::: MATERIAL SHOWN

lemma h_int_cong:
  assumes "\<And>x. 0 \<le> x \<Longrightarrow> g x = h x"
  shows "h_int g = h_int h"
proof -
  have "kappa g r = kappa h r" "kappa_d g r = kappa_d h r" if "0 < r" for r
  proof -
    have "(\<integral>\<^sup>+s\<in>{r..}. f (g s) s \<partial>lborel) = (\<integral>\<^sup>+s\<in>{r..}. f (h s) s \<partial>lborel)"
      for f :: "real \<Rightarrow> real \<Rightarrow> ennreal"
      using that assms by (intro nn_integral_cong) (auto simp: indicator_def)
    from this[of "\<lambda>t s. ennreal (t * exp (r - s))"]
      this[of "\<lambda>t s. inverse (ennreal t) * ennreal (exp (r - s))"]
    show "kappa g r = kappa h r" "kappa_d g r = kappa_d h r"
      using that assms by (simp_all add: kappa_def kappa_d_def)
  qed
  thus ?thesis unfolding h_int_def by (intro nn_integral_cong) (auto simp: indicator_def)
qed

theorem proposition4p2:
  "\<exists>c::real. \<forall>h::real \<Rightarrow> real.
     set_borel_measurable lborel {0..} h \<and> (\<forall>x\<ge>0. 0 \<le> h x) \<and> A2l1 h < \<infinity> \<longrightarrow>
     h_int h \<le> ennreal (c * enn2real (A2l1 h) * exp (c * enn2real (A2l1 h)))"
proof (intro exI[of _ 600] allI impI)
  fix h :: "real \<Rightarrow> real"
  assume h: "set_borel_measurable lborel {0..} h \<and> (\<forall>x\<ge>0. 0 \<le> h x) \<and> A2l1 h < \<infinity>"
  define g where "g x = indicator {0..} x * h x" for x
  have g_eq: "g x = h x" if "0 \<le> x" for x using that by (simp add: g_def)
  interpret A2_weight g
  proof
    show "g \<in> borel_measurable borel"
      using h unfolding g_def by (simp add: set_borel_measurable_def)
    show "0 \<le> g x" for x using h by (simp add: g_def indicator_def)
    show "A2l1 g < \<infinity>" using h by (simp add: A2l1_cong[OF g_eq])
  qed
  have "h_int g \<le> ennreal (600 * enn2real (A2l1 g) * exp (4 * enn2real (A2l1 g)))"
    by (rule h_int_le)
  also have "\<dots> \<le> ennreal (600 * enn2real (A2l1 g) * exp (600 * enn2real (A2l1 g)))"
    by (intro ennreal_leI mult_left_mono) auto
  finally show "h_int h \<le> ennreal (600 * enn2real (A2l1 h) * exp (600 * enn2real (A2l1 h)))"
    by (simp add: A2l1_cong[OF g_eq] h_int_cong[OF g_eq])
qed

end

::::::

— REQUIRED ACTION —
Each line above where the word "infinity" occurs should be returned in full.

— WORKED SOLUTION —
     set_borel_measurable lborel {0..} h \<and> (\<forall>x\<ge>0. 0 \<le> h x) \<and> A2l1 h < \<infinity> \<longrightarrow>
  assume h: "set_borel_measurable lborel {0..} h \<and> (\<forall>x\<ge>0. 0 \<le> h x) \<and> A2l1 h < \<infinity>"
    show "A2l1 g < \<infinity>" using h by (simp add: A2l1_cong[OF g_eq])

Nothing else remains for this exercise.